W tym roku zamontowaliśmy kolejne maty ochronne oraz dodatkowe rozwiązania służące ochronie koron młodych drzew. Wiele osób się tym interesuje, pyta, co to jest i dlaczego się to stosuje. Maty słomiane i poliuretanowe (bardziej wytrzymałe) zabezpieczają rośliny przed rozpryskiem zasolonego błota pośniegowego, natomiast osłony na korony u najmłodszych drzew zabezpieczają przed rozpryskiem solanki.

Wydział Ochrony Środowiska sfinansował audycje telewizyjne, w których prezentowaliśmy metody i rozwiązania, jakie mają pomóc roślinom. Programy o środowisku były powtarzane wielokrotnie w lokalnych mediach. Są osoby, które dopytują o szczegóły, co dowodzi dużego zainteresowania tym tematem. Zaczęliśmy też rozmawiać z mieszkańcami, ale niestety trafiamy do niewielkiej grupy ludzi, więc to ciągle jest za mało.

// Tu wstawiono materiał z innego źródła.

(* Let $\alpha$ be a badly approximable real number, i.e. $\inf_{q\ge1} q\,\|q\alpha\|>0$, and let $a$ be a real number with $0<a<1$. There exists a constant $C(\alpha)>0$ (depending on $\alpha$ and $a$) such that for every integer $q\ge2$, $$\sum_{x=q}^{q^3}\frac{1}{\|\alpha x\|\,x\,\bigl(\log(1/\|x\alpha\|)\bigr)^a\,(\log x)^{2-a}}\le C(\alpha).$$
   Context: For a real number $x$, $\|x\|$ denotes the distance from $x$ to the nearest integer. *)

theory Defs
  imports "HOL-Analysis.Analysis"
begin

definition dist_int :: "real \<Rightarrow> real" where
  "dist_int x = \<bar>x - of_int (round x)\<bar>"

definition badly_approximable :: "real \<Rightarrow> bool" where
  "badly_approximable \<alpha> \<longleftrightarrow> (INF q\<in>{1::nat..}. real q * dist_int (real q * \<alpha>)) > 0"

end

theory Submission imports Defs begin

Możliwość stosowania soli dopuszczana jest przez prawo tylko i wyłącznie w sytuacji, gdy odgarnie się najpierw śnieg oraz gdy panuje wyjątkowo niekorzystna aura, stwarzająca niebezpieczeństwo zamarznięcia resztek pośniegowych lub powstawania lodowicy. Mało kto zdaje sobie sprawę, że sól jest dopuszczona do stosowania w konkretnych, ekstremalnych sytuacjach pogodowych i pod warunkiem wcześniejszego odgarnięcia śniegu. Wielu dozorców robi to „zamiast”, czyli na śnieg sypie sól i wie że po pewnym czasie sól roztopi śnieg.

Ubolewam bardzo nad tym, że zorganizowana przez nas  w listopadzie ubiegłego roku konferencja prasowa poświęcona zimowemu utrzymaniu zieleni w pasach drogowych, z udziałem prezydenta Poznania, nie przyniosła takiego skutku, jakiego oczekiwaliśmy. Artykuły w prasie codziennej były bardzo krótkie, lakoniczne, pozbawione zdjęć, na których oczekiwaliśmy, że będą zademonstrowane nasze nowe rozwiązania, po to, aby pokazać ludziom, że ważne jest, aby znaleźć ten złoty środek dla porozumienia pomiędzy tym, czego potrzebują rośliny a tym co można zapewnić kierowcom pod względem komfortu jazdy zimą.

- Czy może Pani liczyć na pomoc ze strony służb miejskich, młodzieży szkolnej, mieszkańców?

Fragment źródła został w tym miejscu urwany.